Yale strike could send ripple through higher learning
Striking clerical and technical workers at Yale University in New Haven, Conn., are still picketing six weeks after walking off jobs Oct. 9. The strikers are seeking a first union contract that would address ''fairness'' in how much Yale pays women. The primary issue is the charge that Yale has discriminated against women in its wage policies. Yale officials deny the charge.
Although many picketers are suffering financial hardship from loss of pay, strike lines still appear firm.
The AFL-CIO's president, Lane Kirkland, said the strike by a university employee's local of the Hotel and Restaurant Employees, was a fight ''with moral urgency'' that will have effects ''in workplaces all across this land.''
Mr. Kirkland told a labor rally, ''Your strike is not just about better wages , it is about a system that has for too long denied female and black workers equal pay for equal work.''
The AFL-CIO and its unions are making equal pay for comparable work a national issue in bargaining, particularly in government employment and in educational fields. According to Kirkland, university administrators at Yale and elsewhere want labor to deal with their institutions differently fromprivate corporations.

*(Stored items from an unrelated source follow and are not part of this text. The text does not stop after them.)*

lemma steps_Op: "list_all2 (step b)\<^sup>*\<^sup>* Ms Ms' \<Longrightarrow> (step b)\<^sup>*\<^sup>* (Op f Ms) (Op f Ms')"
  using steps_Op_append [where xs = "[]"] by simp

section \<open>Surface factorization\<close>

inductive par :: "calculus \<Rightarrow> 'o trm \<Rightarrow> 'o trm \<Rightarrow> bool" for b where
  p_var: "par b (Var i) (Var i)"
| p_lam: "par b M M' \<Longrightarrow> par b (Lam M) (Lam M')"
| p_app: "par b M M' \<Longrightarrow> par b N N' \<Longrightarrow> par b (App M N) (App M' N')"
| p_op: "list_all2 (par b) Ms Ms' \<Longrightarrow> par b (Op f Ms) (Op f Ms')"
| p_beta: "par b M M' \<Longrightarrow> par b N N' \<Longrightarrow> b = Beta \<or> is_value N
           \<Longrightarrow> par b (App (Lam M) N) (subst M' 0 N')"

text \<open>Internal parallel reduction: parallel reduction contracting no redex in surface position,
  i.e. in a head context for \<open>Beta\<close> and in a weak context for \<open>BetaV\<close>.\<close>

inductive ipar :: "calculus \<Rightarrow> 'o trm \<Rightarrow> 'o trm \<Rightarrow> bool" where
  i_var: "ipar b (Var i) (Var i)"
| i_lam_Beta: "ipar Beta M M' \<Longrightarrow> ipar Beta (Lam M) (Lam M')"
| i_lam_BetaV: "par BetaV M M' \<Longrightarrow> ipar BetaV (Lam M) (Lam M')"
| i_app_Beta: "ipar Beta M M' \<Longrightarrow> par Beta N N' \<Longrightarrow> ipar Beta (App M N) (App M' N')"
| i_app_BetaV: "ipar BetaV M M' \<Longrightarrow> ipar BetaV N N' \<Longrightarrow> ipar BetaV (App M N) (App M' N')"
| i_op: "list_all2 (par b) Ms Ms' \<Longrightarrow> ipar b (Op f Ms) (Op f Ms')"

inductive_cases ipar_LamE: "ipar b L (Lam K)"
inductive_cases ipar_AppE: "ipar b L (App K1 K2)"
inductive_cases ipar_Lam_leftE: "ipar b (Lam P) K"

lemma par_refl: "par b M M"
  by (induction M) (auto intro: par.intros list.rel_refl_strong)

lemma ipar_par: "ipar b M M' \<Longrightarrow> par b M M'"
  by (induction rule: ipar.induct) (auto intro: par.intros)

lemma ipar_is_value: "ipar b L K \<Longrightarrow> is_value K \<longleftrightarrow> is_value L"
  by (cases rule: ipar.cases) auto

''University presidents typically urge us to take a responsible and long view of things. But they show us that they can be as narrow-minded and obsessed with the bottom cost line as any president of a corporation,'' Mr. Kirkland said.
The union's chief contract negotiator, John Wilhelm, a Yale graduate, says the ivy league school ''has taken advantage of a societal tendency to underpay women and minorities, and we are asking them to change that.''
David Montgomery, a labor historian at Yale, says the historic implications of the strike for institutions of higher learning are large. ''It's settling into a real test of force,'' he says.

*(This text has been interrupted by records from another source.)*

lemma plane_profile_has_derivative:
  fixes a c tau D H :: real and r q :: "real \<Rightarrow> real"
  defines "\<kappa> \<equiv> c^3 / (1 - c^3 * tau)" and "h \<equiv> a * H / D"
  assumes nondeg: "1 - c^3 * tau \<noteq> 0" "a \<noteq> 0" "D \<noteq> 0" "H \<noteq> 0" "q \<zeta> \<noteq> 0"
    and r': "(r has_real_derivative - (r \<zeta> * (1 - r \<zeta>)) * (h * q \<zeta>)) (at \<zeta>)"
    and q': "(q has_real_derivative (\<kappa> / h * (1 / q \<zeta> - 1) - r \<zeta> * (q \<zeta> + \<kappa> * tau)) * (h * q \<zeta>)) (at \<zeta>)"
  shows "(plane_profile a D r q has_vector_derivative
    layer_rhs c tau D H (plane_profile a D r q \<zeta>)) (at \<zeta>)"
proof -
  define v where "v \<zeta> = a * (1 - r \<zeta>) * q \<zeta>" for \<zeta>
  define s where "s \<zeta> = a / D * r \<zeta>" for \<zeta>
  have "(v has_real_derivative a * (r \<zeta> * (1 - r \<zeta>) * (h * q \<zeta>)) * q \<zeta>
      + a * (1 - r \<zeta>) * ((\<kappa> / h * (1 / q \<zeta> - 1) - r \<zeta> * (q \<zeta> + \<kappa> * tau)) * (h * q \<zeta>))) (at \<zeta>)"
    unfolding v_def by (rule derivative_eq_intros r' q' refl)+ (simp add: algebra_simps)
  moreover have "a * (r \<zeta> * (1 - r \<zeta>) * (h * q \<zeta>)) * q \<zeta>
      + a * (1 - r \<zeta>) * ((\<kappa> / h * (1 / q \<zeta> - 1) - r \<zeta> * (q \<zeta> + \<kappa> * tau)) * (h * q \<zeta>))
      = - \<kappa> * (tau * H * s \<zeta> * v \<zeta> + v \<zeta> + D * s \<zeta> - a)"
  proof -
    have "h \<noteq> 0" and H_eq: "H = h * D / a"
      unfolding h_def using nondeg by simp_all
    then show ?thesis
      using nondeg unfolding s_def v_def H_eq by (simp add: field_simps)
  qed
  ultimately have v': "(v has_real_derivative - \<kappa> * (tau * H * s \<zeta> * v \<zeta> + v \<zeta> + D * s \<zeta> - a)) (at \<zeta>)"
    by simp
  have "(s has_real_derivative a / D * (- (r \<zeta> * (1 - r \<zeta>)) * (h * q \<zeta>))) (at \<zeta>)"
    unfolding s_def by (rule DERIV_cmult[OF r'])
  moreover have "a / D * (- (r \<zeta> * (1 - r \<zeta>)) * (h * q \<zeta>)) = - (H / D) * s \<zeta> * v \<zeta>"
    unfolding s_def v_def h_def using nondeg by (simp add: divide_simps)
  ultimately have s': "(s has_real_derivative - (H / D) * s \<zeta> * v \<zeta>) (at \<zeta>)"
    by (simp only:)
  have "plane_profile a D r q = (\<lambda>\<zeta>. plane_point a D (v \<zeta>) (s \<zeta>))"
    by (simp add: fun_eq_iff plane_profile_def v_def s_def)
  then show ?thesis
    using layer_solution_of_plane_solution[OF nondeg(1,3) v'[unfolded \<kappa>_def] s'] by simp
qed

lemma plane_profile_tendsto:
  assumes "D \<noteq> 0" and q_bound: "\<And>\<zeta>. \<bar>q \<zeta>\<bar> \<le> 1"
    and r_top: "(r \<longlongrightarrow> 0) at_top" and q_top: "(q \<longlongrightarrow> 1) at_top" and r_bot: "(r \<longlongrightarrow> 1) at_bot"
  shows "(plane_profile a D r q \<longlongrightarrow> p2 a) at_top" and "(plane_profile a D r q \<longlongrightarrow> p3 a (a / D)) at_bot"
proof -
  have "((\<lambda>\<zeta>. plane_point a D (a * (1 - r \<zeta>) * q \<zeta>) (a / D * r \<zeta>))
      \<longlongrightarrow> plane_point a D (a * (1 - 0) * 1) (a / D * 0)) at_top"
    by (intro tendsto_plane_point tendsto_intros r_top q_top)
  then show "(plane_profile a D r q \<longlongrightarrow> p2 a) at_top"
    by (simp add: plane_profile_def[abs_def] plane_point_def p2_def)
  have "((\<lambda>\<zeta>. a * (1 - r \<zeta>) * q \<zeta>) \<longlongrightarrow> 0) at_bot"
  proof (rule Lim_null_comparison)
    show "\<forall>\<^sub>F \<zeta> in at_bot. norm (a * (1 - r \<zeta>) * q \<zeta>) \<le> \<bar>a * (1 - r \<zeta>)\<bar>"
      using q_bound by (intro always_eventually allI) (simp add: abs_mult mult_left_le)
    have "((\<lambda>\<zeta>. \<bar>a * (1 - r \<zeta>)\<bar>) \<longlongrightarrow> \<bar>a * (1 - 1)\<bar>) at_bot"
      by (intro tendsto_intros r_bot)
    then show "((\<lambda>\<zeta>. \<bar>a * (1 - r \<zeta>)\<bar>) \<longlongrightarrow> 0) at_bot"
      by simp
  qed
  then have "((\<lambda>\<zeta>. plane_point a D (a * (1 - r \<zeta>) * q \<zeta>) (a / D * r \<zeta>))
      \<longlongrightarrow> plane_point a D 0 (a / D * 1)) at_bot"
    by (intro tendsto_plane_point tendsto_intros r_bot)
  then show "(plane_profile a D r q \<longlongrightarrow> p3 a (a / D)) at_bot"
    using \<open>D \<noteq> 0\<close> by (simp add: plane_profile_def[abs_def] plane_point_def p3_def)
qed

text \<open>On the invariant plane put \<open>s = (a/D) r\<close> and \<open>v = a (1 - r) q\<close>, and change time by
  \<open>d\<theta>/d\<zeta> = (a H/D) q\<close>. Then \<open>r' = - r (1 - r)\<close>, so \<open>r = falling_logistic \<theta>\<close>, and \<open>q\<close> solves
  \<open>q' = reduced_field (\<kappa> / (a H/D)) (\<kappa> \<tau>) \<theta> q\<close> with \<open>\<kappa> = c\<^sup>3 / (1 - c\<^sup>3 \<tau>)\<close>.\<close>
lemma heteroclinic_exists:
  fixes a c D H tau :: real
  assumes a: "a > 0" and c: "c > 0" and D: "D > 0" and H: "H > 0" and tau: "tau \<ge> 0"
    and E: "1 - c^3 * tau > 0"
  shows "\<exists>phi. heteroclinic c tau D H phi (p3 a (a / D)) (p2 a)"
proof -
  define \<kappa> where "\<kappa> = c^3 / (1 - c^3 * tau)"
  define h where "h = a * H / D"
  have "\<kappa> > 0" and h: "h > 0"
    unfolding \<kappa>_def h_def using a c D H E by simp_all
  then obtain q where q_range: "\<And>\<theta>. 0 < q \<theta> \<and> q \<theta> \<le> 1"
    and q': "\<And>\<theta>. (q has_real_derivative reduced_field (\<kappa> / h) (\<kappa> * tau) \<theta> (q \<theta>)) (at \<theta>)"
    and q_top: "(q \<longlongrightarrow> 1) at_top"
    using exists_reduced_profile[of "\<kappa> / h" "\<kappa> * tau"] tau by auto
  have "continuous_on UNIV (\<lambda>\<theta>. h * q \<theta>)"
    using q' by (intro continuous_intros) (meson DERIV_continuous continuous_at_imp_continuous_on)
  then obtain \<Theta> where \<Theta>': "\<And>\<zeta>. (\<Theta> has_real_derivative h * q (\<Theta> \<zeta>)) (at \<zeta>)"
    and \<Theta>_top: "filterlim \<Theta> at_top at_top" and \<Theta>_bot: "filterlim \<Theta> at_bot at_bot"
    using exists_solution_autonomous_positive[of "\<lambda>\<theta>. h * q \<theta>" h] q_range h by auto
  define r where "r \<zeta> = falling_logistic (\<Theta> \<zeta>)" for \<zeta>
  define Q where "Q \<zeta> = q (\<Theta> \<zeta>)" for \<zeta>
  have "(plane_profile a D r Q has_vector_derivative layer_rhs c tau D H (plane_profile a D r Q \<zeta>)) (at \<zeta>)"
    for \<zeta>
    unfolding r_def Q_def using a D H E q_range[of "\<Theta> \<zeta>"]
      DERIV_chain2[OF falling_logistic_has_derivative \<Theta>'] DERIV_chain2[OF q'[unfolded reduced_field_def] \<Theta>']
    by (intro plane_profile_has_derivative) (auto simp: \<kappa>_def h_def)
  moreover have "(r \<longlongrightarrow> 0) at_top" "(r \<longlongrightarrow> 1) at_bot" "(Q \<longlongrightarrow> 1) at_top"
    unfolding r_def Q_def using falling_logistic_tendsto q_top \<Theta>_top \<Theta>_bot
    by (auto intro: filterlim_compose)
  moreover have "\<bar>Q \<zeta>\<bar> \<le> 1" for \<zeta>
    unfolding Q_def using q_range[of "\<Theta> \<zeta>"] by simp
  moreover have "p3 a (a / D) \<noteq> p2 a"
    using a by (simp add: p2_def p3_def)
  ultimately show ?thesis
    unfolding heteroclinic_def using D plane_profile_tendsto[of D Q r a] by auto
qed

The Yale local represents secretaries, telephone operators, computer programmers, other clerical and technical workers and dining hall personnel. More than 80 percent are women, and 17 percent are members of minority groups, according to the union.
Average annual pay is $13,473. The union says this figure is less than comparable work by men. The strikers want a contract that includes a new wage policy with regular increases based on years on the job.
In addition, the contract must contain quarterly cost-of-living adjustments amounting to 50 percent of rises in the government's Consumer Price Index and pay increases totaling 29 percent over the next three years. Yale estimates the cost of the union demands would be a 49.2 percent increase over current wages during the period.
The university has offered increases of 24.2 percent over current wages over three years. The union says the Yale offer amounts to over 18 percent. There haven't been serious negotiations since Oct. 9.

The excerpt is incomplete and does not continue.